Retype, word for word, every line of the records below starting at the one that contains "S \<sigma> (Var" and ending at the one that contains "v p) \<sigma>"; include both of those lines and nothing more.

# # # #

(* Let $\mathcal M$ be an elementary extension of the $\mathcal L$-structure $\mathcal Z$, expanded to an $\mathcal L_P$-structure by interpreting the new unary predicate $P$ as an additively random subset $D$ of $M$ which is symmetric ($a\in D\iff -a\in D$). Then the $\mathcal L_P$-theory of $(\mathcal M,D)$ is supersimple of rank $1$: working in a sufficiently saturated model $\mathbb U$ of this theory, every $\mathcal L_P$-formula $\varphi(x,\bar a)$ in a single variable $x$ which divides over a subset $B\subseteq\mathbb U$ is algebraic (has only finitely many realizations).
   Context: $\mathcal L$ is the language of abelian groups $(+,-,0)$ with a constant $1$ and unary predicates $x\equiv_k j$ ($0\le j<k$); $\mathcal Z$ is $\mathbb Z$ with the natural interpretation (congruence modulo $k$); $\mathcal L_P=\mathcal L\cup\{P\}$. A formula $\varphi(x,\bar a)$ divides over $B$ if there is a $B$-indiscernible sequence $(\bar a_n)_{n\in\mathbb N}$ with $\bar a_0=\bar a$ such that $\{\varphi(x,\bar a_n)\}_{n\in\mathbb N}$ is inconsistent. A subset $D\subseteq M$ is additively random if for all $r,r'\in\mathbb N$ and all terms $m_1x+z_1,\ldots,m_rx+z_r$ and $m'_1x+z'_1,\ldots,m'_{r'}x+z'_{r'}$ with all $m_i,m'_j\ge1$ integers, there are an $\mathcal L$-formula $\chi(\bar z,\bar z')$ and a finite set $\partial(\chi)\subseteq\mathbb Z$ such that, for all tuples $\bar b,\bar b'$ in $M$ with $(m_i,b_i)\ne(m'_j,b'_j)$ for all $i,j$: (P1) if $\mathcal M\models\chi(\bar b,\bar b')$ then there are infinitely many $a\in M$ with $m_ia+b_i\in D$ for all $i$ and $m'_ja+b'_j\notin D$ for all $j$; (P2) if $\mathcal M\not\models\chi(\bar b,\bar b')$, then $r\ge1$ and there is $k\in\partial(\chi)$ such that for every integer $s\in\{0,\ldots,k-1\}$ some $m_is+b_i\equiv_k0$ (as a first-order statement: $\mathcal M\models\forall\bar y\bar y'((\neg\chi(\bar y,\bar y')\wedge\bigwedge_{i,j}y_i\ne y'_j)\to\bigvee_{k\in\partial(\chi)}\bigwedge_{s<k}\bigvee_{i=1}^r m_is+y_i\equiv_k0))$; (P3) for every $k\in\partial(\chi)$, the set of $x\in D$ with $x\equiv_k0$ is a finite subset of $\mathbb Z$. *)

theory Defs
  imports Main
begin

datatype tm = Var nat | Zero | One | Add tm tm | Neg tm

text \<open>Formulas. Cong k j t stands for the atomic formula t \<equiv>_k j;
  Pr t is the new unary predicate P (only in L_P).\<close>
datatype fm = Eq tm tm | Cong nat nat tm | Pr tm | Bot
  | Not fm | Conj fm fm | Ex nat fm

fun tvars :: "tm \<Rightarrow> nat set" where
  "tvars (Var v) = {v}"
| "tvars Zero = {}"
| "tvars One = {}"
| "tvars (Add s t) = tvars s \<union> tvars t"
| "tvars (Neg t) = tvars t"

fun fv :: "fm \<Rightarrow> nat set" where
  "fv (Eq s t) = tvars s \<union> tvars t"
| "fv (Cong k j t) = tvars t"
| "fv (Pr t) = tvars t"
| "fv Bot = {}"
| "fv (Not p) = fv p"
| "fv (Conj p q) = fv p \<union> fv q"
| "fv (Ex v p) = fv p - {v}"

fun Lfm :: "fm \<Rightarrow> bool" where
  "Lfm (Pr t) = False"
| "Lfm (Not p) = Lfm p"
| "Lfm (Conj p q) = (Lfm p \<and> Lfm q)"
| "Lfm (Ex v p) = Lfm p"
| "Lfm _ = True"

text \<open>An L_P-structure whose universe is the whole type 'a.
  An L-structure is the same thing with the field s_P ignored.\<close>
record 'a str =
  s_zero :: 'a
  s_one :: 'a
  s_add :: "'a \<Rightarrow> 'a \<Rightarrow> 'a"
  s_neg :: "'a \<Rightarrow> 'a"
  s_cong :: "nat \<Rightarrow> nat \<Rightarrow> 'a \<Rightarrow> bool"
  s_P :: "'a \<Rightarrow> bool"

fun tval :: "'a str \<Rightarrow> (nat \<Rightarrow> 'a) \<Rightarrow> tm \<Rightarrow> 'a" where
  "tval S \<sigma> (Var v) = \<sigma> v"
| "tval S \<sigma> Zero = s_zero S"
| "tval S \<sigma> One = s_one S"
| "tval S \<sigma> (Add s t) = s_add S (tval S \<sigma> s) (tval S \<sigma> t)"
| "tval S \<sigma> (Neg t) = s_neg S (tval S \<sigma> t)"

fun sat :: "'a str \<Rightarrow> fm \<Rightarrow> (nat \<Rightarrow> 'a) \<Rightarrow> bool" where
  "sat S (Eq s t) \<sigma> = (tval S \<sigma> s = tval S \<sigma> t)"
| "sat S (Cong k j t) \<sigma> = s_cong S k j (tval S \<sigma> t)"
| "sat S (Pr t) \<sigma> = s_P S (tval S \<sigma> t)"
| "sat S Bot \<sigma> = False"
| "sat S (Not p) \<sigma> = (\<not> sat S p \<sigma>)"
| "sat S (Conj p q) \<sigma> = (sat S p \<sigma> \<and> sat S q \<sigma>)"
| "sat S (Ex v p) \<sigma> = (\<exists>a. sat S p (\<sigma>(v := a)))"
(* Let $f:\mathbb{R}^N\to\mathbb{R}$ be continuous with $\operatorname{argmin} f\neq\emptyset$. Let $p>1$, $\mu>0$, and suppose $f$ is globally $p$-Łojasiewicz with constant $\mu$, i.e., with $\frac1p+\frac1q=1$, $$(\forall x\in\mathbb{R}^N)(\forall x^*\in\partial_L f(x))\quad f(x)-\inf f \le \frac{1}{q\,\mu^{q/p}}\|x^*\|^q.$$ Then for all $x\in\mathbb{R}^N$, $$\frac{1}{(p-1)^{p-1}}\frac{\mu}{p}\, d_{\operatorname{argmin} f}(x)^p \le f(x)-\inf f.$$
   Context: For a closed set $S\subset\mathbb{R}^N$, $d_S(x) := \inf_{y\in S}\|y-x\|$ (Euclidean norm). For $g:\mathbb{R}^N\to\mathbb{R}$, the Fréchet subdifferential $\partial_F g(x)$ is the set of $x^*$ with $\liminf_{y\to x} \frac{g(y)-g(x)-\langle x^*,y-x\rangle}{\|y-x\|}\ge 0$; the limiting subdifferential $\partial_L g(x)$ is the set of $x^*$ for which there exist $x_n\to x$ and $x_n^*\to x^*$ with $g(x_n)\to g(x)$ and $x_n^*\in\partial_F g(x_n)$. *)

theory Defs
  imports "HOL-Analysis.Analysis" "HOL-Library.Liminf_Limsup"
begin

definition frechet_subdiff :: "('a::euclidean_space \<Rightarrow> real) \<Rightarrow> 'a \<Rightarrow> 'a set" where
  "frechet_subdiff g x = {xs. Liminf (at x)
      (\<lambda>y. ereal ((g y - g x - inner xs (y - x)) / norm (y - x))) \<ge> 0}"

definition limiting_subdiff :: "('a::euclidean_space \<Rightarrow> real) \<Rightarrow> 'a \<Rightarrow> 'a set" where
  "limiting_subdiff g x = {xs. \<exists>xn xsn. xn \<longlonglongrightarrow> x \<and> xsn \<longlonglongrightarrow> xs \<and>
      (\<lambda>n. g (xn n)) \<longlonglongrightarrow> g x \<and> (\<forall>n. xsn n \<in> frechet_subdiff g (xn n))}"

definition argmin_set :: "('a \<Rightarrow> real) \<Rightarrow> 'a set" where
  "argmin_set f = {x. \<forall>y. f x \<le> f y}"

end

theory Submission
  imports Defs
begin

# # # #

**Result of this exercise:**
  "tval S \<sigma> (Var v) = \<sigma> v"
| "tval S \<sigma> Zero = s_zero S"
| "tval S \<sigma> One = s_one S"
| "tval S \<sigma> (Add s t) = s_add S (tval S \<sigma> s) (tval S \<sigma> t)"
| "tval S \<sigma> (Neg t) = s_neg S (tval S \<sigma> t)"

fun sat :: "'a str \<Rightarrow> fm \<Rightarrow> (nat \<Rightarrow> 'a) \<Rightarrow> bool" where
  "sat S (Eq s t) \<sigma> = (tval S \<sigma> s = tval S \<sigma> t)"
| "sat S (Cong k j t) \<sigma> = s_cong S k j (tval S \<sigma> t)"
| "sat S (Pr t) \<sigma> = s_P S (tval S \<sigma> t)"
| "sat S Bot \<sigma> = False"
| "sat S (Not p) \<sigma> = (\<not> sat S p \<sigma>)"
| "sat S (Conj p q) \<sigma> = (sat S p \<sigma> \<and> sat S q \<sigma>)"
| "sat S (Ex v p) \<sigma> = (\<exists>a. sat S p (\<sigma>(v := a)))"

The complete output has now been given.